Don't let Christian Eriksen injury put you off Denmark
Niko Kovac is in massive trouble at Bayern Munich
I was in Dublin a year ago when Denmark won 5-1 against Ireland in a World Cup qualifier and it’s hard to see Martin O’Neill’s men turning the tables when the sides meet on Saturday in the Nations League.
Twelve months on, not a lot has changed.
Denmark were unbeaten at the World Cup finals and have come out and beaten Wales well. Ireland continue to splutter and were hammered by the Welsh in Cardiff.
I’d be pretty bullish about backing Age Hareide’s visitors even without the injured Christian Eriksen.
The other bet has to be Holland against Germany, who I couldn’t have at any price at the moment.
I’m not sure I know quite what is going on with my national team at the moment but what’s for sure is they are a team in decline.
The acrimony over the Ozil-Gundogan affair, the public criticism of Leroy Sane by Toni Kroos, the disconnection with the fans, the disquiet in a lot of places at Joachim Low still being in charge following the World Cup flop. All of these things add up to something approaching a crisis.
I see they held an open training session in Berlin this week where 5,000 kids were “invited” to watch them. A case of the DFB trying too hard after too long trying to keep the public out and that won’t fool anyone.
More worrying is the fact that Low’s supposed rebuild looks pretty tame with very few rising talents emerging. Thirteen members of the 23-man squad picked for this double-header with Holland and France have won 20 caps or more. Just four outfield players have won fewer than ten.
That’s not the revolution that’s required and it won’t take place while Low is in charge.

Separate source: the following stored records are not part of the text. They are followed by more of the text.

text \<open>
  Preparation procedures (type 'p): density operator rho P, distribution mu P.
  Measurement procedures (type 'm): finite outcome set outs M (integer labels),
  POVM povm M, response functions xi M X lambda = p(X|M;lambda).\<close>
definition ontological_model ::
  "'l measure \<Rightarrow> ('p \<Rightarrow> qop) \<Rightarrow> ('p \<Rightarrow> 'l measure) \<Rightarrow> ('m \<Rightarrow> int set)
    \<Rightarrow> ('m \<Rightarrow> int \<Rightarrow> qop) \<Rightarrow> ('m \<Rightarrow> int \<Rightarrow> 'l \<Rightarrow> real) \<Rightarrow> bool" where
  "ontological_model L rho mu outs povm xi \<longleftrightarrow>
     (\<forall>P. density_op (rho P) \<and> prob_space (mu P) \<and> sets (mu P) = sets L) \<and>
     (\<forall>M. finite (outs M) \<and> outs M \<noteq> {} \<and> is_povm (outs M) (povm M) \<and>
          (\<forall>X. xi M X \<in> borel_measurable L) \<and>
          (\<forall>X lam. 0 \<le> xi M X lam) \<and>
          (\<forall>X lam. X \<notin> outs M \<longrightarrow> xi M X lam = 0) \<and>
          (\<forall>lam. (\<Sum>X\<in>outs M. xi M X lam) = 1)) \<and>
     (\<forall>P M X. (\<integral>lam. xi M X lam \<partial>(mu P)) = Re (trace (rho P ** povm M X))) \<and>
     (\<forall>\<rho>. density_op \<rho> \<longrightarrow> (\<exists>P. rho P = \<rho>)) \<and>
     (\<forall>T E. finite T \<and> T \<noteq> {} \<and> is_povm T E \<longrightarrow> (\<exists>M. outs M = T \<and> povm M = E)) \<and>
     (\<forall>P1 P2 p. 0 \<le> p \<and> p \<le> 1 \<longrightarrow>
        (\<exists>P. rho P = p *\<^sub>R rho P1 + (1 - p) *\<^sub>R rho P2 \<and>
             (\<forall>A\<in>sets L. measure (mu P) A = p * measure (mu P1) A + (1 - p) * measure (mu P2) A))) \<and>
     (\<forall>M1 M2 p. 0 \<le> p \<and> p \<le> 1 \<longrightarrow>
        (\<exists>M. outs M = outs M1 \<union> outs M2 \<and>
             (\<forall>X. povm M X = p *\<^sub>R povm M1 X + (1 - p) *\<^sub>R povm M2 X) \<and>
             (\<forall>X lam. xi M X lam = p * xi M1 X lam + (1 - p) * xi M2 X lam))) \<and>
     (\<forall>M T (q :: int \<Rightarrow> int \<Rightarrow> real). finite T \<and> T \<noteq> {} \<and> (\<forall>Y X. 0 \<le> q Y X) \<and>
          (\<forall>X\<in>outs M. (\<Sum>Y\<in>T. q Y X) = 1) \<longrightarrow>
        (\<exists>M'. outs M' = T \<and>
             (\<forall>Y\<in>T. povm M' Y = (\<Sum>X\<in>outs M. q Y X *\<^sub>R povm M X) \<and>
                     (\<forall>lam. xi M' Y lam = (\<Sum>X\<in>outs M. q Y X * xi M X lam)))))"

text \<open>Operational equivalence: same density operator / same POVM.\<close>
definition preparation_noncontextual :: "('p \<Rightarrow> qop) \<Rightarrow> ('p \<Rightarrow> 'l measure) \<Rightarrow> bool" where
  "preparation_noncontextual rho mu \<longleftrightarrow> (\<forall>P1 P2. rho P1 = rho P2 \<longrightarrow> mu P1 = mu P2)"

definition measurement_noncontextual ::
  "('m \<Rightarrow> int set) \<Rightarrow> ('m \<Rightarrow> int \<Rightarrow> qop) \<Rightarrow> ('m \<Rightarrow> int \<Rightarrow> 'l \<Rightarrow> real) \<Rightarrow> bool" where
  "measurement_noncontextual outs povm xi \<longleftrightarrow>
     (\<forall>M1 M2. outs M1 = outs M2 \<and> povm M1 = povm M2 \<longrightarrow> xi M1 = xi M2)"
lemma (in prob_space) indep_var_std_normal_rotation:
  fixes U V :: "'a \<Rightarrow> real" and c d :: real
  assumes UV: "indep_var borel U borel V"
    and U: "distributed M lborel U std_normal_density"
    and V: "distributed M lborel V std_normal_density"
    and cd: "c\<^sup>2 + d\<^sup>2 = 1" and c: "c \<noteq> 0"
  shows "indep_var borel (\<lambda>\<omega>. - d * U \<omega> + c * V \<omega>) borel (\<lambda>\<omega>. c * U \<omega> + d * V \<omega>)"
proof -
  have [measurable]: "U \<in> borel_measurable M" "V \<in> borel_measurable M"
    using U V by (auto dest: distributed_measurable)
  have law: "distr M borel W = std_normal_distribution"
    if "distributed M lborel W std_normal_density" for W
    using distributed_distr_eq_density[OF that] by (simp cong: distr_cong)
  have "distr M (borel \<Otimes>\<^sub>M borel) (\<lambda>\<omega>. (- d * U \<omega> + c * V \<omega>, c * U \<omega> + d * V \<omega>))
      = distr (distr M (borel \<Otimes>\<^sub>M borel) (\<lambda>\<omega>. (U \<omega>, V \<omega>))) (borel \<Otimes>\<^sub>M borel)
          (\<lambda>(u, w). (- d * u + c * w, c * u + d * w))"
    by (simp add: distr_distr comp_def)
  also have "distr M (borel \<Otimes>\<^sub>M borel) (\<lambda>\<omega>. (U \<omega>, V \<omega>))
      = std_normal_distribution \<Otimes>\<^sub>M std_normal_distribution"
    using UV by (simp add: indep_var_distribution_eq law[OF U] law[OF V])
  also have "distr (std_normal_distribution \<Otimes>\<^sub>M std_normal_distribution) (borel \<Otimes>\<^sub>M borel)
      (\<lambda>(u, w). (- d * u + c * w, c * u + d * w)) = std_normal_distribution \<Otimes>\<^sub>M std_normal_distribution"
    by (rule distr_std_normal_pair_rotation[OF cd c])
  finally show ?thesis
    using real_dist_normal_dist
    by (intro indep_var_if_distr_Pair_eq_pair_measure) (simp_all add: real_distribution_def)
qed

You could tell Low was feeling the heat last month in the 0-0 draw with France. We have historically only ever gone into games wanting to win - he went into that game determined not to lose. Playing four centre-backs and Joshua Kimmich in midfield told you everything you needed to know about Low’s outlook right now.
Low will adopt exactly the same approach in Amsterdam and I wouldn’t be at all surprised to see it fail.
Kovac is in massive trouble at Bayern
A crisis within Die Mannschaft is being mirrored by a crisis in Munich which could come to a head very soon.
Uli Hoeness, the Bayern president, has insisted under-fire manager Niko Kovac won’t get the sack – but I’m afraid that doesn’t amount to a great deal.
Kovac is in massive trouble and could be out of a job by Christmas if he doesn’t turn it around.
Yet the season couldn’t have started much better for him with seven straight wins. But one or two injuries and a sudden collapse in form – no wins in four – have increased the pressure.
They were awful against Ajax in the Champions League and something’s wrong in the dressing room. I’m not sure if the players don’t trust him or he doesn’t trust some of his players but it’s incredibly unhealthy and where Kovac is unfortunate is in the lack of backing he’s had from the board.
I think Kovac is a good manager and maybe it’s the fact that there isn’t an available replacement that is working in his favour. I doubt Jupp Heynckes would assume fireman duties again and my hunch is Zinedine Zidane is waiting for the Manchester United job.
But Bayern look in complete disarray and odds of 1-4 that they retain the Bundesliga title are laughable.